+++ Material supplied +++

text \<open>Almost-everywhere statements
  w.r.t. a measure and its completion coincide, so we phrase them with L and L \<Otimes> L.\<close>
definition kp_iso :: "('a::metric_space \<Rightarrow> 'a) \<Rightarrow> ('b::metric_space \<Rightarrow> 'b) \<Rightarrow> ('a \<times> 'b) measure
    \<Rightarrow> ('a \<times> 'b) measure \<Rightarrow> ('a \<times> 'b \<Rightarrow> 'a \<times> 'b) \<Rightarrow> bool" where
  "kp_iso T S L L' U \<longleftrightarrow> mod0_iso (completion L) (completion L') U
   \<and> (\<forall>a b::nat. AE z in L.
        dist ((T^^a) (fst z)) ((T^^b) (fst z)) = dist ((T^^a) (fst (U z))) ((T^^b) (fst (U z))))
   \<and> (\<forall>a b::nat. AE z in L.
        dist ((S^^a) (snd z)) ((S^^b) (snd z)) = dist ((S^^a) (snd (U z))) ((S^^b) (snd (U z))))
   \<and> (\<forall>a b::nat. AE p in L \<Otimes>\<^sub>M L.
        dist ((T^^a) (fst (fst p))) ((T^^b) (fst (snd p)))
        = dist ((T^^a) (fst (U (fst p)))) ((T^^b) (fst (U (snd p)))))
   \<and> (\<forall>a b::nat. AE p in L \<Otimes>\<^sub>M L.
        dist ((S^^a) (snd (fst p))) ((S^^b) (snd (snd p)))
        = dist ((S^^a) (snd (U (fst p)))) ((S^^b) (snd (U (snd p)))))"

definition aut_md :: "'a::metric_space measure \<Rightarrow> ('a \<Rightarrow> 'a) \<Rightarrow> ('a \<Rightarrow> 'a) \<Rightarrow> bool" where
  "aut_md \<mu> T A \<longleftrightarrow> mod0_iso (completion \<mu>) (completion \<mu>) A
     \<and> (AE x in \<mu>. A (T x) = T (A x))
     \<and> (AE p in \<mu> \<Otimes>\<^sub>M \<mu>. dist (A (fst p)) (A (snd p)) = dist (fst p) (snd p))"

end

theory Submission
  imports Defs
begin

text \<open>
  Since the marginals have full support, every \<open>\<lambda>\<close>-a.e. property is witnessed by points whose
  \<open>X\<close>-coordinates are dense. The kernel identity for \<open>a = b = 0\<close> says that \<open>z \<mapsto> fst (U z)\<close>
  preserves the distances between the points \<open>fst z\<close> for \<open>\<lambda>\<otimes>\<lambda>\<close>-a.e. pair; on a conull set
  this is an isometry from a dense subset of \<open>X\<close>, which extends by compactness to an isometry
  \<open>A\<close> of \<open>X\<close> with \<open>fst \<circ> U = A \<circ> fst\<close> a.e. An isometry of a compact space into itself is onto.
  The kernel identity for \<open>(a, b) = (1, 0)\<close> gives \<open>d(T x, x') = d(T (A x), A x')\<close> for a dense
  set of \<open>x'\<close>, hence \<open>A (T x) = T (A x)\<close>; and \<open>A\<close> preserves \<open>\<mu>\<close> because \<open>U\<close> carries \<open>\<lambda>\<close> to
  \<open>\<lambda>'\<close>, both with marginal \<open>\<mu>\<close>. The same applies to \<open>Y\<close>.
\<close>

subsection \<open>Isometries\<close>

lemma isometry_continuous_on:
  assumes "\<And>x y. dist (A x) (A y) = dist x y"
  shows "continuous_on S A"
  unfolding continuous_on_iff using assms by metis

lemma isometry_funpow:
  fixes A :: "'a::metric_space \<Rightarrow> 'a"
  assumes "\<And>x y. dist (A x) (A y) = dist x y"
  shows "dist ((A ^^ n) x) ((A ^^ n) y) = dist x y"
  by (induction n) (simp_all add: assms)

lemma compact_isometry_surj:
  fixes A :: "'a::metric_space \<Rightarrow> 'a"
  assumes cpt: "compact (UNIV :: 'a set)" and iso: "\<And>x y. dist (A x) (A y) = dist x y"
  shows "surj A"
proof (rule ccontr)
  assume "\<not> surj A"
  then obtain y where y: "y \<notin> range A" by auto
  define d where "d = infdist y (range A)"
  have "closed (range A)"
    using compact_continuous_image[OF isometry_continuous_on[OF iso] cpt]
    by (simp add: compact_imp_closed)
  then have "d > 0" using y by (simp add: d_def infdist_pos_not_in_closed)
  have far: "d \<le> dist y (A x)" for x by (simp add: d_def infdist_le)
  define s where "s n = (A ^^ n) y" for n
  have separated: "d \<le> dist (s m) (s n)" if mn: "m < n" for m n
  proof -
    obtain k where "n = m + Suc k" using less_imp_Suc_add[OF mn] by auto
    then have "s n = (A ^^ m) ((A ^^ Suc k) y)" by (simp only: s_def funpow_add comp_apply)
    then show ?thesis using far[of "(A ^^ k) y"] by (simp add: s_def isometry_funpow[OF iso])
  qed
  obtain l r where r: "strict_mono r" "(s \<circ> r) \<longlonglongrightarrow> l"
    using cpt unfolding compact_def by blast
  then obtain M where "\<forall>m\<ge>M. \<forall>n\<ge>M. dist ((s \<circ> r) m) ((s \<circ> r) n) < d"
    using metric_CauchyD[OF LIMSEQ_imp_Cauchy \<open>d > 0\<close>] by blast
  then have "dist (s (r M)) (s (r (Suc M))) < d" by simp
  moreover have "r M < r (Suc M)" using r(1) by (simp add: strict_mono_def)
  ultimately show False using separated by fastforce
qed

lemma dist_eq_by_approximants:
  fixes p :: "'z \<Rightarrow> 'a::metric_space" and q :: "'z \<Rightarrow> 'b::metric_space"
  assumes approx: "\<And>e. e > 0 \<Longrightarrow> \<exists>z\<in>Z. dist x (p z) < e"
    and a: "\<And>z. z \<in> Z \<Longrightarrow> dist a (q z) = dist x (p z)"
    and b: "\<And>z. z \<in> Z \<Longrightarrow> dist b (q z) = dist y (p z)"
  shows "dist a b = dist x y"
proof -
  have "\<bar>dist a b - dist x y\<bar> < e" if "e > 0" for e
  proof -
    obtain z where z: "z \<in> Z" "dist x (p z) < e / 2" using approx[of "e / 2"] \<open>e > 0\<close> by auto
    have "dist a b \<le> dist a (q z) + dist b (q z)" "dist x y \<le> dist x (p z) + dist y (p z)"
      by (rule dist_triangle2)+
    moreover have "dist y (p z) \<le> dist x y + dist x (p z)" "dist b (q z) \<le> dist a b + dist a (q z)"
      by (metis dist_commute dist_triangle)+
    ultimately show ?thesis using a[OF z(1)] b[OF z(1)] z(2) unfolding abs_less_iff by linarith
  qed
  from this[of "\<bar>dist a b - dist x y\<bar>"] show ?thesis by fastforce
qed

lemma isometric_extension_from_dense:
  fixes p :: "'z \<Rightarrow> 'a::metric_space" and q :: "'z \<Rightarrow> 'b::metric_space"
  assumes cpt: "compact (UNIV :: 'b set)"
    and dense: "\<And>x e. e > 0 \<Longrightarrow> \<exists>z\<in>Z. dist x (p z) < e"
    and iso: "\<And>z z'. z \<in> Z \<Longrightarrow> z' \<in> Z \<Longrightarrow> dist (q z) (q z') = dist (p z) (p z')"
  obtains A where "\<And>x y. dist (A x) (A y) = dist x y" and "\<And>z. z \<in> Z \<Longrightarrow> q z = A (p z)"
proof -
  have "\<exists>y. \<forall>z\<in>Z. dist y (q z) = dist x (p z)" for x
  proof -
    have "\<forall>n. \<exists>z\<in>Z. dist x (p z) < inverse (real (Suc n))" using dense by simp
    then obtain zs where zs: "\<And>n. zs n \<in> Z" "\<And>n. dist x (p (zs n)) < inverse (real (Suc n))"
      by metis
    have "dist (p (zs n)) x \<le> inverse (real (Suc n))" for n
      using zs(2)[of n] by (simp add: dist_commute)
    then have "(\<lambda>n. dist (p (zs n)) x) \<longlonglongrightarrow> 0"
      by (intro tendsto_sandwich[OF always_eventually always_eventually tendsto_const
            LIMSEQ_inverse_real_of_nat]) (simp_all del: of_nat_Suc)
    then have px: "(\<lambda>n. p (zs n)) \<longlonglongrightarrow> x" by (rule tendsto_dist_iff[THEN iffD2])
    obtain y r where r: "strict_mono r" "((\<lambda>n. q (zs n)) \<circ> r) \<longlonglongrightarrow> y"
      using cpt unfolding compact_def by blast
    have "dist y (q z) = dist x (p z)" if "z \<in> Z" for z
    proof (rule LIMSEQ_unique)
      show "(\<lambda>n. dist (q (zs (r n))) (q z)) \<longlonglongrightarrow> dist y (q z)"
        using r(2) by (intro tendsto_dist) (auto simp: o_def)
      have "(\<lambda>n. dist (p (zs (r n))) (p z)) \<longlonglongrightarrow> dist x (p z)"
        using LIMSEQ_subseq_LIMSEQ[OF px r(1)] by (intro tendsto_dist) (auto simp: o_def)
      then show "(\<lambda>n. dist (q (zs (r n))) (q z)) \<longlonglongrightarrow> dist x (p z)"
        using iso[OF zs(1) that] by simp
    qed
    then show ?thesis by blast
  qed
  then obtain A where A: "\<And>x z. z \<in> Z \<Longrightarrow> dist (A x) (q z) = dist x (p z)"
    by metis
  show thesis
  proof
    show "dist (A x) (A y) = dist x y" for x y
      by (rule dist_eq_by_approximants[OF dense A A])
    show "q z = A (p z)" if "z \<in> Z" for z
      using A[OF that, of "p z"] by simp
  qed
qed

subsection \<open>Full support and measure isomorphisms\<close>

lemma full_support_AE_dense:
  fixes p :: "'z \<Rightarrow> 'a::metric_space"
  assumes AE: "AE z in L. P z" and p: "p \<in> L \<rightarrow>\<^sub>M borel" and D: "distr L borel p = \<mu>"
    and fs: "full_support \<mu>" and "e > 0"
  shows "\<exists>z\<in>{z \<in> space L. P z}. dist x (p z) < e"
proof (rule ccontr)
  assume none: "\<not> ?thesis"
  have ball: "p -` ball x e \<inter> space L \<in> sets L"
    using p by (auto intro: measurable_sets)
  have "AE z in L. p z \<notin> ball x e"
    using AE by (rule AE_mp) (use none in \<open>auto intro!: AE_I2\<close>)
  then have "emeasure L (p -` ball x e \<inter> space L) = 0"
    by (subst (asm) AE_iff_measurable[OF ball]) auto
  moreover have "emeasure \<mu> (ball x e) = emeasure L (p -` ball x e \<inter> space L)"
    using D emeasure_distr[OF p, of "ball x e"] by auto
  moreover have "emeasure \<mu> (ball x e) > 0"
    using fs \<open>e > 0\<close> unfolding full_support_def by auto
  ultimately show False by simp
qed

+++
+++ Material supplied +++

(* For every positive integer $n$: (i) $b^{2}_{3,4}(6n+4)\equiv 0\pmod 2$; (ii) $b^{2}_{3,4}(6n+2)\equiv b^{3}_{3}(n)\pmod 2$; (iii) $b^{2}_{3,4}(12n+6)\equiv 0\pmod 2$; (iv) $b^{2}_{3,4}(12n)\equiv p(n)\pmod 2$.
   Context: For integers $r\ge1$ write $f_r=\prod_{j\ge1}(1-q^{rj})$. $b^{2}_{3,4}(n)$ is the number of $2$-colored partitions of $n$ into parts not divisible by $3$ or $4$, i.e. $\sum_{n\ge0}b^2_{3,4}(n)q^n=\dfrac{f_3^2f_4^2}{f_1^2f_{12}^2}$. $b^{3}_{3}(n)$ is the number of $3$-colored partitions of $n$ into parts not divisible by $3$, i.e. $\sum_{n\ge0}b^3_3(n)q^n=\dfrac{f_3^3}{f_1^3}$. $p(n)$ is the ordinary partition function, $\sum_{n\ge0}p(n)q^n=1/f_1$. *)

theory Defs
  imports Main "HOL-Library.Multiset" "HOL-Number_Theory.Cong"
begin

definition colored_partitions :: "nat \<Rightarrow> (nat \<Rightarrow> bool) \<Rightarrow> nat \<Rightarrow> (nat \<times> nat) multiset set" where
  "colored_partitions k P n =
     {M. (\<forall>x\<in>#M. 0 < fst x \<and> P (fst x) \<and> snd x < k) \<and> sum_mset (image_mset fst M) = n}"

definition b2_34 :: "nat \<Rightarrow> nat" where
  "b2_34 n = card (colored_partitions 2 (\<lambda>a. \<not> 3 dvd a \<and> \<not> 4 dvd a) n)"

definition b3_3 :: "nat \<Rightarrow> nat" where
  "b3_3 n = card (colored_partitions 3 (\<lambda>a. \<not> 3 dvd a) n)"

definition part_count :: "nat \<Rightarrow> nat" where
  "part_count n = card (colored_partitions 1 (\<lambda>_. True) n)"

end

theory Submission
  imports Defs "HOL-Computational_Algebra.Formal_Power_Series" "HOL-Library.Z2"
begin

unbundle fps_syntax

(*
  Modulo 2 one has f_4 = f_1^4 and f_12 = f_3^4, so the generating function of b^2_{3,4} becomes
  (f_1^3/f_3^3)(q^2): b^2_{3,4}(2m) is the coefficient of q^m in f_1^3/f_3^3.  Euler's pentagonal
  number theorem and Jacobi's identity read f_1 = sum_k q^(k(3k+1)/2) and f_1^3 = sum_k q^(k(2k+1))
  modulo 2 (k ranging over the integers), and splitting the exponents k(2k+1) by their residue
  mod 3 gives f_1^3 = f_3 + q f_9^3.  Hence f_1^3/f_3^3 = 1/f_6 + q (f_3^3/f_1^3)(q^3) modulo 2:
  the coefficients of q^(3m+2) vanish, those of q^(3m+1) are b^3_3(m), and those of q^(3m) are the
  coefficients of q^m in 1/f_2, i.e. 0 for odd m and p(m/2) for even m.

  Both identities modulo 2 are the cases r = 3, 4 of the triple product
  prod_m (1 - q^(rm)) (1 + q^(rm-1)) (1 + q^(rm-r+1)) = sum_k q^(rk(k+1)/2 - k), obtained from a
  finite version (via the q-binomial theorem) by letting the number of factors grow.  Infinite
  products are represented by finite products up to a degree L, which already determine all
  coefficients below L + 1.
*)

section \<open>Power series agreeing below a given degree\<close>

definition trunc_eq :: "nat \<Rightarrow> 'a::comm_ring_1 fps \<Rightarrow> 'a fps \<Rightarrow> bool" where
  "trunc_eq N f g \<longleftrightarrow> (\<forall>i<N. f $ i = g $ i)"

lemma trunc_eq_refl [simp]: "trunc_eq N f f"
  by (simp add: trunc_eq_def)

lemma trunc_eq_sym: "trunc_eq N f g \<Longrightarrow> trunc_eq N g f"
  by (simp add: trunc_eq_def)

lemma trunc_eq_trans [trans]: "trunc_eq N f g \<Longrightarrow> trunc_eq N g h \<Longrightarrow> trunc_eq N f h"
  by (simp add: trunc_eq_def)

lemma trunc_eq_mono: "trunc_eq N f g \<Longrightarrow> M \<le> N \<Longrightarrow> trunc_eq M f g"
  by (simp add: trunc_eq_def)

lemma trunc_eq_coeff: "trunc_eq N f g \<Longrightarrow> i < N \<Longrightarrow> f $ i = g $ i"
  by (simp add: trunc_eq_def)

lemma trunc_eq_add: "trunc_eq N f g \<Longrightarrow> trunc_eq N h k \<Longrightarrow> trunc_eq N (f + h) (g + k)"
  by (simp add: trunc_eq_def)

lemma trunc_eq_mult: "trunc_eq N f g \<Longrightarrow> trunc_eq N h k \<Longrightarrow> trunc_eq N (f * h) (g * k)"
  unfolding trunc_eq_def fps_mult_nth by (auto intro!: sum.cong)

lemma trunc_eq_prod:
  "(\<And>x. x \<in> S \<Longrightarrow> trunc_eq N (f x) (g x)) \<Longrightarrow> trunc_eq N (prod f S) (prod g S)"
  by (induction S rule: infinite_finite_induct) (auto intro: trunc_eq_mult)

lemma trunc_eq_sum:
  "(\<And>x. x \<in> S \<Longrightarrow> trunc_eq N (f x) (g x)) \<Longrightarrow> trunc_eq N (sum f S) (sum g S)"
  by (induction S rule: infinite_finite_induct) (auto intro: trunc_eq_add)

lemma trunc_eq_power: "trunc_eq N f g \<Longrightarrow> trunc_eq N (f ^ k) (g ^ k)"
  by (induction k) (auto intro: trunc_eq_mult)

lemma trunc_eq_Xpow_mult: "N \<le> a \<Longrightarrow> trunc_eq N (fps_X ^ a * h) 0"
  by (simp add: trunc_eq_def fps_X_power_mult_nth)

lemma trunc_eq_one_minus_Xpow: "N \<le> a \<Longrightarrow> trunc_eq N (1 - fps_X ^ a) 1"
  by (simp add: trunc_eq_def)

+++

* **Description of the task**
Pull out each line of the listing that holds the string "moreover".

* **Answer for this exercise**
  moreover have "r M < r (Suc M)" using r(1) by (simp add: strict_mono_def)
    moreover have "dist y (p z) \<le> dist x y + dist x (p z)" "dist b (q z) \<le> dist a b + dist a (q z)"
  moreover have "emeasure \<mu> (ball x e) = emeasure L (p -` ball x e \<inter> space L)"
  moreover have "emeasure \<mu> (ball x e) > 0"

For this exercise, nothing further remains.